Operation Cedar Falls

Operation Cedar Falls
Operation Cedar Falls
Part of the Vietnam War
Operation Cedar Falls
Date January 8–26, 1967
Location Cu Chi, Republic of Vietnam
Result Indecisive.
Flag of the United States.svg United States
Flag of South Vietnam.svg South Vietnam
Flag of Vietnam.svg North Vietnam
FNL Flag.svg Viet Cong
30,000 Unknown
Casualties and losses
Flag of the United States.svg 72 killed, 337 wounded
Flag of South Vietnam.svg 11 killed, 8 wounded
U.S. claim: 750 killed, 280 captured

Operation Cedar Falls was a military operation of the Vietnam War conducted primarily by US forces. The aim of this massive search and destroy operation was to eradicate the so-called "Iron Triangle", an area located in close proximity to Saigon which had become a major stronghold of the communist National Liberation Front (NLF) or Viet Cong. The operation began on January 8, 1967 and ended on January 28, 1967.

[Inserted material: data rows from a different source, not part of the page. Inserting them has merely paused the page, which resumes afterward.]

(* Let $G$ be a group and $(\mathcal B_1,\Phi_1)\subseteq(\mathcal B_2,\Phi_2)$ a partial subaction of $G$ on generalized Boolean algebras, $\Phi_k=(\{\mathcal I_{k,t}\},\{\phi_{k,t}\})$, with $\mathcal B_1$ an ideal of $\mathcal B_2$. Let $$\mathcal B=\Big\{\bigcup_{i=1}^n\phi_{2,g_i}(V_i)\in\mathcal B_2: n\ge1,\ g_i\in G,\ V_i\in\mathcal B_1\cap\mathcal I_{2,g_i^{-1}}\Big\}.$$ Then $\mathcal B$ is a generalized Boolean algebra with $\mathcal B_1\subseteq\mathcal B\subseteq\mathcal B_2$, and $\mathcal B$ is an ideal of $\mathcal B_2$. Moreover, setting $\mathcal I_g=\mathcal B\cap\mathcal I_{2,g}$ (so $\mathcal I_{1,g}\subseteq\mathcal I_g\subseteq\mathcal I_{2,g}$), the restrictions $\phi_g$ of $\phi_{2,g}$ to $\mathcal I_{g^{-1}}$ are well-defined maps $\mathcal I_{g^{-1}}\to\mathcal I_g$ forming a partial action $\Phi$ of $G$ on $\mathcal B$, and $(\mathcal B_1,\Phi_1)\subseteq(\mathcal B,\Phi)\subseteq(\mathcal B_2,\Phi_2)$ are partial subactions.
   Context: A generalized Boolean algebra is a distributive relatively complemented lattice with least element $0$ (joins $\cup$); an ideal is a subset closed under finite joins and under meets with arbitrary elements. A partial action $\Phi$ of $G$ on $\mathcal B$ consists of ideals $\mathcal I_t$ and lattice isomorphisms $\phi_t:\mathcal I_{t^{-1}}\to\mathcal I_t$ with $\mathcal I_e=\mathcal B$, $\phi_e=\mathrm{id}$, $\phi_s(\mathcal I_{s^{-1}}\cap\mathcal I_t)=\mathcal I_s\cap\mathcal I_{st}$, and $\phi_s\phi_t=\phi_{st}$ where defined. A partial subaction $(\mathcal B_1,\Phi_1)\subseteq(\mathcal B_2,\Phi_2)$: $\mathcal B_1$ is a sub generalized Boolean algebra of $\mathcal B_2$, $\mathcal I_{1,t}\subseteq\mathcal I_{2,t}$, and $\phi_{2,t}$ restricts to $\phi_{1,t}$ on $\mathcal I_{1,t^{-1}}$. *)

theory Defs
  imports "HOL-Algebra.Group"
begin

text \<open>A generalized Boolean algebra is represented by a carrier set S inside an
ambient type together with join j, meet m and least element z (shared by all
subalgebras considered).  The order is a \<le> b iff m a b = a.\<close>

definition gba :: "'a set \<Rightarrow> ('a \<Rightarrow> 'a \<Rightarrow> 'a) \<Rightarrow> ('a \<Rightarrow> 'a \<Rightarrow> 'a) \<Rightarrow> 'a \<Rightarrow> bool" where
  "gba S j m z \<longleftrightarrow>
     z \<in> S \<and>
     (\<forall>a\<in>S. \<forall>b\<in>S. j a b \<in> S \<and> m a b \<in> S) \<and>
     (\<forall>a\<in>S. \<forall>b\<in>S. j a b = j b a \<and> m a b = m b a) \<and>
     (\<forall>a\<in>S. \<forall>b\<in>S. \<forall>c\<in>S. j (j a b) c = j a (j b c) \<and> m (m a b) c = m a (m b c)) \<and>
     (\<forall>a\<in>S. \<forall>b\<in>S. j a (m a b) = a \<and> m a (j a b) = a) \<and>
     (\<forall>a\<in>S. \<forall>b\<in>S. \<forall>c\<in>S. m a (j b c) = j (m a b) (m a c)) \<and>
     (\<forall>a\<in>S. m z a = z) \<and>
     (\<forall>a\<in>S. \<forall>b\<in>S. \<forall>c\<in>S. m a b = a \<and> m b c = b \<longrightarrow>
         (\<exists>x\<in>S. m b x = a \<and> j b x = c))"

definition sub_gba :: "'a set \<Rightarrow> 'a set \<Rightarrow> ('a \<Rightarrow> 'a \<Rightarrow> 'a) \<Rightarrow> ('a \<Rightarrow> 'a \<Rightarrow> 'a) \<Rightarrow> 'a \<Rightarrow> bool" where
  "sub_gba S1 S2 j m z \<longleftrightarrow> gba S2 j m z \<and> S1 \<subseteq> S2 \<and> gba S1 j m z"

definition gba_ideal :: "'a set \<Rightarrow> 'a set \<Rightarrow> ('a \<Rightarrow> 'a \<Rightarrow> 'a) \<Rightarrow> ('a \<Rightarrow> 'a \<Rightarrow> 'a) \<Rightarrow> 'a \<Rightarrow> bool" where
  "gba_ideal I S j m z \<longleftrightarrow> I \<subseteq> S \<and> z \<in> I \<and>
     (\<forall>a\<in>I. \<forall>b\<in>I. j a b \<in> I) \<and> (\<forall>a\<in>I. \<forall>b\<in>S. m a b \<in> I)"

definition partial_action ::
  "('g, 'b) monoid_scheme \<Rightarrow> 'a set \<Rightarrow> ('a \<Rightarrow> 'a \<Rightarrow> 'a) \<Rightarrow> ('a \<Rightarrow> 'a \<Rightarrow> 'a) \<Rightarrow> 'a
    \<Rightarrow> ('g \<Rightarrow> 'a set) \<Rightarrow> ('g \<Rightarrow> 'a \<Rightarrow> 'a) \<Rightarrow> bool" where
  "partial_action G S j m z I phi \<longleftrightarrow>
     gba S j m z \<and>
     (\<forall>t\<in>carrier G. gba_ideal (I t) S j m z) \<and>
     (\<forall>t\<in>carrier G. bij_betw (phi t) (I (inv\<^bsub>G\<^esub> t)) (I t)) \<and>
     (\<forall>t\<in>carrier G. \<forall>x\<in>I (inv\<^bsub>G\<^esub> t). \<forall>y\<in>I (inv\<^bsub>G\<^esub> t).
         phi t (j x y) = j (phi t x) (phi t y) \<and> phi t (m x y) = m (phi t x) (phi t y)) \<and>
     I \<one>\<^bsub>G\<^esub> = S \<and> (\<forall>x\<in>S. phi \<one>\<^bsub>G\<^esub> x = x) \<and>
     (\<forall>s\<in>carrier G. \<forall>t\<in>carrier G.
         phi s ` (I (inv\<^bsub>G\<^esub> s) \<inter> I t) = I s \<inter> I (s \<otimes>\<^bsub>G\<^esub> t)) \<and>
     (\<forall>s\<in>carrier G. \<forall>t\<in>carrier G. \<forall>x.
         x \<in> I (inv\<^bsub>G\<^esub> t) \<and> phi t x \<in> I (inv\<^bsub>G\<^esub> s) \<longrightarrow>
         phi s (phi t x) = phi (s \<otimes>\<^bsub>G\<^esub> t) x)"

Operation Cedar Falls was the largest American ground operation of the Vietnam war [1]: Two Army divisions, one infantry and one paratrooper brigade, as well as one armored cavalry regiment participated in the operation;[2] altogether, Operation Cedar Falls involved 30,000 US and South Vietnamese troops.[3] The Vietcong, however, chose to evade this massive military force by either fleeing across the border to Cambodia or hiding in a complex system of underground tunnels. Nevertheless, the allied forces uncovered and destroyed some of the tunnel complexes as well as large stockpiles of Vietcong supplies. In the course of the operation, so-called tunnel rats[4] were introduced for the first time to infiltrate Vietcong tunnel systems.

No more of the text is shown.